# Access and Whistleblowing



## Brill (Oct 5, 2019)

This article uses the actions of the impeachment “whistleblower” to raise some very valid points about intelligence officers,“water cooler gossip”, and NTK (need to know). 

Various snippets:



> ...allegations against President Trump regarding Ukraine, one thing already seems clear: There has been a breakdown within the government of traditional restrictions against sharing intelligence beyond those with a need to know it.
> ...
> If the whistleblower had a need to know the information, he likely would not have needed White House and State Department “officials” to provide it to him surreptitiously. But information such as read-outs of presidential phone calls are not normally left out for just anyone to peruse.
> ...
> ...



Whistlegate Reveals Some Very Chatty Minders of State Secrets | RealClearInvestigations


----------



## Gunz (Oct 15, 2019)

This is an Agency dude assigned to the White House who took it upon himself to act on second-hand information to advance his obvious political bias. 

Agency employees need to STFU and stay out of politics.


----------



## Brill (Oct 15, 2019)

Ocoka said:


> This is an Agency dude assigned to the White House who took it upon himself to act on second-hand information to advance his obvious political bias.



Appears to have been a well thought out plan. Schiff have a few former NSC members now on his staff.


----------



## Box (Oct 16, 2019)

I'd really like to find a dependable source of research to look into how much of this type sht went on under Obama.  Clearly he had his own collection of shit shows going on but my selective memory is too subjective to remember specific incidents with the Obama admin leaking state secrets like this.

I'm sure there were an equal amount of trouble makers in the Obama administration - I just don't remember.
...who knows - maybe the last guy really was the best president ever - free of scandal or missteps of any kind - maybe we really should vote for 8 more years of Obama and put Uncle Joe is the seat post-haste !!


----------



## Brill (Oct 16, 2019)

Box said:


> I'd really like to find a dependable source of research to look into how much of this type sht went on under Obama.  Clearly he had his own collection of shit shows going on but my selective memory is too subjective to remember specific incidents with the Obama admin leaking state secrets like this.
> 
> I'm sure there were an equal amount of trouble makers in the Obama administration - I just don't remember.
> ...who knows - maybe the last guy really was the best president ever - free of scandal or missteps of any kind - maybe we really should vote for 8 more years of Obama and put Uncle Joe is the seat post-haste !!
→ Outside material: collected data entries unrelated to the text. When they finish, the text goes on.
(* Let $I=[a,b]$, $K_1,K_2\in C(I\times I,\mathbb{R})$, $h\in C(I,\mathbb{R})$, and let $f,g:I\times\mathbb{R}\to\mathbb{R}$ be continuous. Consider the integral equation $$x(t)=\int_a^b\big(K_1(t,s)+K_2(t,s)\big)\big(f(s,x(s))+g(s,x(s))\big)\,ds+h(t),\qquad t\in I.$$ Assume: (i) $K_1(t,s)\ge0$ and $K_2(t,s)\le0$ for all $t,s\in I$; (ii) there exist $\theta\in\Theta$ and positive numbers $\lambda,\mu$ such that for all $t\in I$ and all $x,y\in\mathbb{R}$ with $x\ge y$, $$0\le f(t,x)-f(t,y)\le\lambda\,\theta(x-y),\qquad -\mu\,\theta(x-y)\le g(t,x)-g(t,y)\le 0;$$ (iii) $(\lambda+\mu)\cdot\sup_{t\in I}\int_a^b\big[K_1(t,s)-K_2(t,s)\big]ds\le 1$. If the equation admits a coupled lower-upper solution, then it has a unique solution in $C(I,\mathbb{R})$.
   Context: $\Psi$ is the set of all functions $\psi:[0,\infty)\to[0,\infty)$ such that for every $r>0$ the limit $\lim_{t\to r}\psi(t)$ exists and is $>0$, and $\lim_{t\to0^+}\psi(t)=0$. $\Theta$ is the set of all functions $\theta:[0,\infty)\to[0,\infty)$ that are nondecreasing and for which there exists $\psi\in\Psi$ with $\theta(r)=\frac r2-\psi\!\left(\frac r2\right)$ for all $r\ge0$. A pair $(\alpha,\beta)$ of functions in $C(I,\mathbb{R})$ is a coupled lower-upper solution of the equation if for all $t\in I$: $$\alpha(t)\le\int_a^bK_1(t,s)[f(s,\alpha(s))+g(s,\beta(s))]ds+\int_a^bK_2(t,s)[f(s,\beta(s))+g(s,\alpha(s))]ds+h(t),$$ $$\beta(t)\ge\int_a^bK_1(t,s)[f(s,\beta(s))+g(s,\alpha(s))]ds+\int_a^bK_2(t,s)[f(s,\alpha(s))+g(s,\beta(s))]ds+h(t).$$ *)

theory Defs
  imports "HOL-Analysis.Analysis"
begin

text \<open>The class Psi: functions [0,oo) -> [0,oo) with a positive limit at every r > 0
  and limit 0 at 0 from the right.  Only values on [0,oo) matter.\<close>
definition Psi_class :: "(real \<Rightarrow> real) \<Rightarrow> bool" where
  "Psi_class \<psi> \<longleftrightarrow>
     (\<forall>t\<ge>0. \<psi> t \<ge> 0) \<and>
     (\<forall>r>0. \<exists>L>0. (\<psi> \<longlongrightarrow> L) (at r)) \<and>
     (\<psi> \<longlongrightarrow> 0) (at_right 0)"

definition Theta_class :: "(real \<Rightarrow> real) \<Rightarrow> bool" where
  "Theta_class \<theta> \<longleftrightarrow>
     (\<forall>r\<ge>0. \<theta> r \<ge> 0) \<and>
     mono_on {0..} \<theta> \<and>
     (\<exists>\<psi>. Psi_class \<psi> \<and> (\<forall>r\<ge>0. \<theta> r = r / 2 - \<psi> (r / 2)))"

definition coupled_lower_upper ::
  "real \<Rightarrow> real \<Rightarrow> (real \<Rightarrow> real \<Rightarrow> real) \<Rightarrow> (real \<Rightarrow> real \<Rightarrow> real) \<Rightarrow>
   (real \<Rightarrow> real \<Rightarrow> real) \<Rightarrow> (real \<Rightarrow> real \<Rightarrow> real) \<Rightarrow> (real \<Rightarrow> real) \<Rightarrow>
   (real \<Rightarrow> real) \<Rightarrow> (real \<Rightarrow> real) \<Rightarrow> bool" where
  "coupled_lower_upper a b K1 K2 f g h \<alpha> \<beta> \<longleftrightarrow>
     continuous_on {a..b} \<alpha> \<and> continuous_on {a..b} \<beta> \<and>
     (\<forall>t\<in>{a..b}.
        \<alpha> t \<le> integral {a..b} (\<lambda>s. K1 t s * (f s (\<alpha> s) + g s (\<beta> s)))
               + integral {a..b} (\<lambda>s. K2 t s * (f s (\<beta> s) + g s (\<alpha> s))) + h t \<and>
        \<beta> t \<ge> integral {a..b} (\<lambda>s. K1 t s * (f s (\<beta> s) + g s (\<alpha> s)))
               + integral {a..b} (\<lambda>s. K2 t s * (f s (\<alpha> s) + g s (\<beta> s))) + h t)"

definition is_solution ::
  "real \<Rightarrow> real \<Rightarrow> (real \<Rightarrow> real \<Rightarrow> real) \<Rightarrow> (real \<Rightarrow> real \<Rightarrow> real) \<Rightarrow>
   (real \<Rightarrow> real \<Rightarrow> real) \<Rightarrow> (real \<Rightarrow> real \<Rightarrow> real) \<Rightarrow> (real \<Rightarrow> real) \<Rightarrow>
   (real \<Rightarrow> real) \<Rightarrow> bool" where
  "is_solution a b K1 K2 f g h x \<longleftrightarrow>
     continuous_on {a..b} x \<and>
     (\<forall>t\<in>{a..b}. x t = integral {a..b} (\<lambda>s. (K1 t s + K2 t s) * (f s (x s) + g s (x s))) + h t)"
I can’t tell if you’re serious. Obama crushed whistleblowers and some reporters were under surveillance to determine their sources. Hell even the VA boys hacked some Congressional computers!


----------



## Box (Oct 16, 2019)

I dont believe that - his admin was transparent and free of scandal.


----------



## Brill (Oct 16, 2019)

Box said:


> I dont believe that - his admin was transparent and free of scandal.



THIS is the Box we know and love!

wait, that came out wrong.


----------



## Brill (Oct 18, 2019)

Interesting review of the book. Think I’ll grab a copy!

What made Deep Throat leak?



> Every source leaks for a reason, and it’s usually not about preserving the Constitution and the American way. As Stephen Hess writes, sources have many reasons to leak. They leak to boost their own egos. They leak to make a goodwill deposit with a reporter that they hope to withdraw in the future. They leak to advance their policy initiative. They leak to launch trial balloons and sometimes even to blow the whistle on wrongdoing. But until contesting evidence arrives, it’s usually a safe bet that a leak is what Hess calls an “Animus Leak,” designed to inflict damage on another party.


----------